Christopher Rollston recently published “The Khirbet Qeiyafa Ostracon: Methodological Musings and Caveats” in Tel Aviv 38 (2011): 67–82. In this article, which I strongly recommend to anyone considering the implications of the Qeiyafa Ostracon for an archaeologically-informed take on Israelite and Judean history, Rollston concludes:
I would be happy to state that the Qeiyafa Ostracon was written in a particular language, if there were some diagnostic features in it that are most characteristic of a particular Iron Age Northwest Semitic language. The problem, however, is that there are not. For this reason, it is necessary to state that there is not sufficient evidence to make a determination. (p. 78)
Rollston also warns, with reference to attempts to use the several and significantly differing reconstructions of the Qeiyafa Ostracon’s content (or, in some cases, almost the Qeiyafa Ostracon’s mere existence) to draw conclusions about state formation and/or literacy somewhere in the vicinity of the turn of the first millennium BC:
[T]he field of scholarship must be very cautious about saddling this document with freight that it cannot readily carry.
Again, I strongly recommend the entire article for a no-nonsense assessment of whether or not the Qeiyafa Ostracon is written in Hebrew and what it can(not) tell us about early Israelite/Judean state formation.
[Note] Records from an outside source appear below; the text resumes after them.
lemma max_offspring_tail_eq: "Q x = 1 - gw_mass (truncated x)"
proof -
  let ?A = "\<lambda>t. if real (maxdeg t) > x then gw_weight p t else 0"
  have sA: "?A summable_on UNIV"
    by (rule summable_on_comparison_test[OF gw_weight_summable[OF nonneg summable]])
      (use gw_weight_nonneg[OF nonneg] suminf_eq_1 in auto)
  have "gw_weight p = (\<lambda>t. ?A t + gw_weight (truncated x) t)"
    by (rule ext) (simp add: truncated_def[abs_def] gw_weight_truncate)
  then have "gw_mass p = infsum ?A UNIV + gw_mass (truncated x)"
    unfolding gw_mass_def by (metis infsum_add[OF sA gw_weight_summable[OF truncated_law]])
  then show ?thesis
    using gw_mass_eq_1 by (simp add: max_offspring_tail_def)
qed

lemma max_offspring_tail_bounds: "0 \<le> Q x" "Q x \<le> 1"
  using gw_mass_nonneg[OF truncated_law] gw_mass_le_1[OF truncated_law]
  by (auto simp: max_offspring_tail_eq)

definition tail_gf :: "real \<Rightarrow> real" where
  "tail_gf x = (\<Sum>n. if real n > x then p n * (1 - Q x) ^ n else 0)"

lemma summable_tail_gf: "summable (\<lambda>n. if real n > x then p n * (1 - Q x) ^ n else 0)"
  using max_offspring_tail_bounds[of x]
  by (intro summable_restrict summable_gf nonneg summable) (auto simp: nonneg)

lemma summable_Fbar: "summable (\<lambda>n. if real n > x then p n else 0)"
  by (rule summable_restrict[OF nonneg summable])

lemma tail_gf_le_Fbar: "tail_gf x \<le> Fbar p x"
  unfolding tail_gf_def Fbar_def
proof (rule suminf_le[OF _ summable_tail_gf summable_Fbar])
  fix n
  have "0 \<le> 1 - Q x" "1 - Q x \<le> 1"
    using max_offspring_tail_bounds[of x] by auto
  then show "(if real n > x then p n * (1 - Q x) ^ n else 0) \<le> (if real n > x then p n else 0)"
    using nonneg[of n] by (auto intro!: mult_left_le power_le_one)
qed

text \<open>The fixed-point equation of the truncated law, rewritten with \<open>gf_minus_id_eq\<close>.\<close>
lemma max_offspring_tail_sq_defect_quot: "(Q x)\<^sup>2 * defect_quot (Q x) = tail_gf x"
proof -
  let ?W = "gw_mass (truncated x)"
  have W: "0 \<le> ?W" "?W \<le> 1"
    using gw_mass_nonneg[OF truncated_law] gw_mass_le_1[OF truncated_law] by auto
  have W_eq: "1 - Q x = ?W"
    using max_offspring_tail_eq[of x] by simp
  have "(\<Sum>n. p n * ?W ^ n) = (\<Sum>n. truncated x n * ?W ^ n + (if real n > x then p n * ?W ^ n else 0))"
    by (rule suminf_cong) (simp add: truncated_def)
  also have "\<dots> = (\<Sum>n. truncated x n * ?W ^ n) + tail_gf x"
    using suminf_add[OF summable_gf[OF truncated_law(1,2)[of x] W] summable_tail_gf[of x]]
    unfolding tail_gf_def W_eq by simp
  also have "\<dots> = ?W + tail_gf x"
    using gw_mass_fixed_point[OF truncated_law, of x] by simp
  finally show ?thesis
    using gf_minus_id_eq[OF W] by (simp add: max_offspring_tail_eq)
qed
According to the publisher’s web site, Tel Aviv publishes open access papers; however, the online issues are served up by Ingenta, which has the articles from the June 2011 issue marked as subscriber-only rather than open access. I’ll use the closing words of Rollston’s article as the closing words of this post: when dealing with such sparse and inconclusive evidence, “[c]aution … should be the modus operandi.”